Question: How to get the regression slope coefficient from DESeq2 analysis of continuous data
0
Edie Crosse0 wrote:

Hello,

I have used DESeq2 to find genes where the expression level correlates with the size of a continous variable - in this case, the number of cells in a population (pop). We noticed that we have a batch effect in our data depending on what day we processed the experiment (day). So my design set up was as follows:

cData=data.frame(day=as.factor(df\$day), pop=df[,x]) rownames(cData)<-colnames(d) dds<-DESeqDataSetFromMatrix(countData=d, colData=cData, design=~day+pop) dds<-DESeq(d.deseq)
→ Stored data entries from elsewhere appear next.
lemma neg_cancel_l[simp]: "x \<in> mcarrier M \<Longrightarrow> y \<in> mcarrier M \<Longrightarrow> madd M (neg x) (madd M x y) = y"
  by (simp add: add_assoc[symmetric])
lemma neg_cancel_r[simp]: "x \<in> mcarrier M \<Longrightarrow> y \<in> mcarrier M \<Longrightarrow> madd M x (madd M (neg x) y) = y"
  by (simp add: add_assoc[symmetric])

lemma add_eq_rearrange: assumes "a \<in> mcarrier M" "b \<in> mcarrier M" "c \<in> mcarrier M" "e \<in> mcarrier M"
  "madd M a b = madd M c e" shows "madd M a (neg c) = madd M e (neg b)"
proof -
  have "madd M a (neg c) = madd M (madd M a b) (madd M (neg b) (neg c))"
    using assms(1-4) by (simp add: add_assoc)
  also have "\<dots> = madd M (madd M e c) (madd M (neg c) (neg b))"
    using assms by (simp add: add_comm[of c e] add_comm[of "neg b" "neg c"])
  also have "\<dots> = madd M e (neg b)"
    using assms(1-4) by (simp add: add_assoc)
  finally show ?thesis .
qed

lemma submod_c: "submod R M N \<Longrightarrow> x \<in> N \<Longrightarrow> x \<in> mcarrier M"
  unfolding submod_def by blast
lemma submod_zero: "submod R M N \<Longrightarrow> mzero M \<in> N"
  unfolding submod_def by blast
lemma submod_add: "submod R M N \<Longrightarrow> x \<in> N \<Longrightarrow> y \<in> N \<Longrightarrow> madd M x y \<in> N"
  unfolding submod_def by blast
lemma submod_smul: "submod R M N \<Longrightarrow> x \<in> N \<Longrightarrow> r \<in> carrier R \<Longrightarrow> msmul M x r \<in> N"
  unfolding submod_def by blast
lemma submod_neg: "submod R M N \<Longrightarrow> x \<in> N \<Longrightarrow> neg x \<in> N"
proof -
  interpret ring R by (rule ringR)
  show "submod R M N \<Longrightarrow> x \<in> N \<Longrightarrow> neg x \<in> N" unfolding submod_def neg_def by simp
qed

lemma submod_carrier: "submod R M (mcarrier M)"
  unfolding submod_def by auto

lemma msum_iff: "z \<in> msum M A B \<longleftrightarrow> (\<exists>a\<in>A. \<exists>b\<in>B. z = madd M a b)"
  unfolding msum_def by auto

lemma msumI: "a \<in> A \<Longrightarrow> b \<in> B \<Longrightarrow> madd M a b \<in> msum M A B"
  unfolding msum_def by auto

lemma submod_msum: assumes "submod R M A" "submod R M B" shows "submod R M (msum M A B)"
proof -
  note c = submod_c[OF assms(1)] submod_c[OF assms(2)]
  have "msum M A B \<subseteq> mcarrier M" using c by (auto simp: msum_iff)
  moreover have "mzero M \<in> msum M A B"
    using msumI[OF submod_zero[OF assms(1)] submod_zero[OF assms(2)]] by simp
  moreover have "madd M x y \<in> msum M A B" if h: "x \<in> msum M A B" "y \<in> msum M A B" for x y
  proof -
    obtain a b a' b' where ab: "a \<in> A" "b \<in> B" "x = madd M a b" "a' \<in> A" "b' \<in> B" "y = madd M a' b'"
      using h unfolding msum_iff by blast
    then have "madd M x y = madd M (madd M a a') (madd M b b')"
      using c by (simp add: add_ac)
    then show ?thesis using ab msumI submod_add assms by metis
  qed
  moreover have "msmul M x r \<in> msum M A B" if h: "x \<in> msum M A B" "r \<in> carrier R" for x r
  proof -
    obtain a b where ab: "a \<in> A" "b \<in> B" "x = madd M a b"
      using h unfolding msum_iff by blast
    then have "msmul M x r = madd M (msmul M a r) (msmul M b r)"
      using c \<open>r \<in> carrier R\<close> by (simp add: smul_add)
    then show ?thesis using ab msumI submod_smul assms \<open>r \<in> carrier R\<close> by metis
  qed
  ultimately show ?thesis unfolding submod_def by blast
qed

lemma msum_left: "submod R M B \<Longrightarrow> A \<subseteq> mcarrier M \<Longrightarrow> A \<subseteq> msum M A B"
  unfolding msum_def using submod_zero by force
lemma msum_right: "submod R M A \<Longrightarrow> B \<subseteq> mcarrier M \<Longrightarrow> B \<subseteq> msum M A B"
  unfolding msum_def using submod_zero by force
lemma msum_mono: "A \<subseteq> A' \<Longrightarrow> B \<subseteq> B' \<Longrightarrow> msum M A B \<subseteq> msum M A' B'"
  unfolding msum_def by blast
lemma msum_car: "A \<subseteq> mcarrier M \<Longrightarrow> B \<subseteq> mcarrier M \<Longrightarrow> msum M A B \<subseteq> mcarrier M"
  unfolding msum_def by (auto intro!: add_c simp: subset_iff)
lemma msum_comm: "A \<subseteq> mcarrier M \<Longrightarrow> B \<subseteq> mcarrier M \<Longrightarrow> msum M A B = msum M B A"
  unfolding msum_def using add_comm by blast

lemma msum_zero: assumes "submod R M N" shows "msum M N {mzero M} = N"
  using submod_c[OF assms] by (force simp: msum_iff)

lemma msum_absorb: assumes "submod R M T" "submod R M N" "submod R M Y" "N \<subseteq> Y"
  shows "msum M (msum M T N) Y = msum M T Y"
proof
  show "msum M (msum M T N) Y \<subseteq> msum M T Y"
  proof
    fix z assume "z \<in> msum M (msum M T N) Y"
    then obtain t n y where e: "t \<in> T" "n \<in> N" "y \<in> Y" "z = madd M (madd M t n) y"
      by (auto simp: msum_iff)
    then have "z = madd M t (madd M n y)" using assms submod_c by (simp add: add_assoc)
    moreover have "madd M n y \<in> Y" using e assms submod_add by blast
    ultimately show "z \<in> msum M T Y" using e(1) msumI by metis
  qed
  show "msum M T Y \<subseteq> msum M (msum M T N) Y"
    using msum_mono[OF msum_left[OF assms(2)]] assms(1) submod_c by blast
qed

lemma msum_add_both: assumes "submod R M X" "submod R M D" "submod R M N"
  shows "msum M (msum M X N) (msum M D N) = msum M (msum M X D) N"
proof
  show "msum M (msum M X N) (msum M D N) \<subseteq> msum M (msum M X D) N"
  proof
    fix z assume "z \<in> msum M (msum M X N) (msum M D N)"
    then obtain x d n1 n2 where e: "x \<in> X" "d \<in> D" "n1 \<in> N" "n2 \<in> N"
      "z = madd M (madd M x n1) (madd M d n2)" by (auto simp: msum_iff)
    then have "z = madd M (madd M x d) (madd M n1 n2)"
      using assms submod_c by (simp add: add_ac)
    then show "z \<in> msum M (msum M X D) N" using e assms submod_add msumI by metis
  qed
  show "msum M (msum M X D) N \<subseteq> msum M (msum M X N) (msum M D N)"
  proof
    fix z assume "z \<in> msum M (msum M X D) N"
    then obtain x d n where e: "x \<in> X" "d \<in> D" "n \<in> N" "z = madd M (madd M x d) n"
      by (auto simp: msum_iff)
    then have "z = madd M (madd M x n) (madd M d (mzero M))"
      using assms submod_c by (simp add: add_ac)
    then show "z \<in> msum M (msum M X N) (msum M D N)"
      using e assms submod_zero msumI by metis
  qed
qed

lemma submod_cyc: assumes "x \<in> mcarrier M" shows "submod R M (cyc R M x)"
proof -
  interpret ring R by (rule ringR)
  have "cyc R M x \<subseteq> mcarrier M" using assms unfolding cyc_def by auto
  moreover have "mzero M \<in> cyc R M x" unfolding cyc_def
    using smul_zero[OF assms] zero_closed by (metis (mono_tags, lifting) mem_Collect_eq)
  moreover have "madd M a b \<in> cyc R M x" if h: "a \<in> cyc R M x" "b \<in> cyc R M x" for a b
  proof -
    obtain r s where "r \<in> carrier R" "s \<in> carrier R" "a = msmul M x r" "b = msmul M x s"
      using h unfolding cyc_def by blast
    then have "madd M a b = msmul M x (r \<oplus>\<^bsub>R\<^esub> s)" "r \<oplus>\<^bsub>R\<^esub> s \<in> carrier R"
      using smul_radd[OF assms] by auto
    then show ?thesis unfolding cyc_def by blast
  qed
  moreover have "msmul M a s \<in> cyc R M x" if h: "a \<in> cyc R M x" "s \<in> carrier R" for a s
  proof -
    obtain r where r: "r \<in> carrier R" "a = msmul M x r" using h(1) unfolding cyc_def by blast
    then have "msmul M a s = msmul M x (r \<otimes>\<^bsub>R\<^esub> s)" "r \<otimes>\<^bsub>R\<^esub> s \<in> carrier R"
      using smul_mult[OF assms] h(2) by auto
    then show ?thesis unfolding cyc_def by blast
  qed
  ultimately show ?thesis unfolding submod_def by blast
qed

section \<open>The quotient module M/N\<close>

lemma mcoset_iff: "z \<in> mcoset M N x \<longleftrightarrow> (\<exists>n\<in>N. z = madd M x n)"
  unfolding mcoset_def by auto

context fixes N assumes N: "submod R M N"
begin

lemma Nc: "n \<in> N \<Longrightarrow> n \<in> mcarrier M" using submod_c[OF N] .

lemma mcoset_self: "x \<in> mcarrier M \<Longrightarrow> x \<in> mcoset M N x"
  using submod_zero[OF N] by (force simp: mcoset_iff)

lemma mcoset_car: "x \<in> mcarrier M \<Longrightarrow> mcoset M N x \<subseteq> mcarrier M"
  using Nc by (auto simp: mcoset_iff)

lemma mcoset_eq: assumes "x \<in> mcarrier M" "y \<in> mcoset M N x" shows "mcoset M N y = mcoset M N x"
proof -
  obtain n where n: "n \<in> N" "y = madd M x n" using assms by (auto simp: mcoset_iff)
  show ?thesis
  proof
    show "mcoset M N y \<subseteq> mcoset M N x"
    proof
      fix z assume "z \<in> mcoset M N y"
      then obtain m where m: "m \<in> N" "z = madd M y m" by (auto simp: mcoset_iff)
      then have "z = madd M x (madd M n m)" using n assms Nc by (simp add: add_assoc)
      then show "z \<in> mcoset M N x" using submod_add[OF N n(1) m(1)] by (auto simp: mcoset_iff)
    qed
    show "mcoset M N x \<subseteq> mcoset M N y"
    proof
      fix z assume "z \<in> mcoset M N x"
      then obtain m where m: "m \<in> N" "z = madd M x m" by (auto simp: mcoset_iff)
      then have "z = madd M y (madd M (neg n) m)" using n assms Nc
        by (simp add: add_assoc[symmetric]) (simp add: add_assoc)
      then show "z \<in> mcoset M N y" using submod_add[OF N submod_neg[OF N n(1)] m(1)]
        by (auto simp: mcoset_iff)
    qed
  qed
qed

lemma mcoset_N: assumes "n \<in> N" shows "mcoset M N n = N"
proof -
  have "mcoset M N (mzero M) = N" using Nc by (auto simp: mcoset_iff)
  moreover have "n \<in> mcoset M N (mzero M)" using assms Nc by (auto simp: mcoset_iff)
  ultimately show ?thesis using mcoset_eq zero_c by metis
qed

lemma mcoset_add: assumes "x \<in> mcarrier M" "y \<in> mcarrier M"
  shows "msum M (mcoset M N x) (mcoset M N y) = mcoset M N (madd M x y)"
proof
  show "msum M (mcoset M N x) (mcoset M N y) \<subseteq> mcoset M N (madd M x y)"
  proof
    fix z assume "z \<in> msum M (mcoset M N x) (mcoset M N y)"
    then obtain n m where nm: "n \<in> N" "m \<in> N" "z = madd M (madd M x n) (madd M y m)"
      by (auto simp: msum_iff mcoset_iff)
    then have "z = madd M (madd M x y) (madd M n m)" using assms Nc by (simp add: add_ac)
    then show "z \<in> mcoset M N (madd M x y)" using submod_add[OF N nm(1,2)] by (auto simp: mcoset_iff)
  qed
  show "mcoset M N (madd M x y) \<subseteq> msum M (mcoset M N x) (mcoset M N y)"
  proof
    fix z assume "z \<in> mcoset M N (madd M x y)"
    then obtain n where n: "n \<in> N" "z = madd M (madd M x y) n" by (auto simp: mcoset_iff)
    then have "z = madd M (madd M x n) (madd M y (mzero M))" using assms Nc by (simp add: add_ac)
    moreover have "madd M x n \<in> mcoset M N x" using n(1) by (auto simp: mcoset_iff)
    moreover have "madd M y (mzero M) \<in> mcoset M N y" using submod_zero[OF N] by (auto simp: mcoset_iff)
    ultimately show "z \<in> msum M (mcoset M N x) (mcoset M N y)" using msumI by metis
  qed
qed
The output of the results gives you log2FoldChange which is the "per unit of change of that variable." I am wondering whether there is a way to extract or infer from the data the coefficient of the regression slope? We would like to be able to deduce the size of a cell population from gene expression levels within a tissue sample.

Many thanks! Edie

MacDonald is right...the value returned is the slope, no matter what the label is. You can verify this yourself by plotting the log2 of the normalized counts against your cell number; the number DESeq gives you should be the slope of that line. I've done that check myself against my own data, and it works out.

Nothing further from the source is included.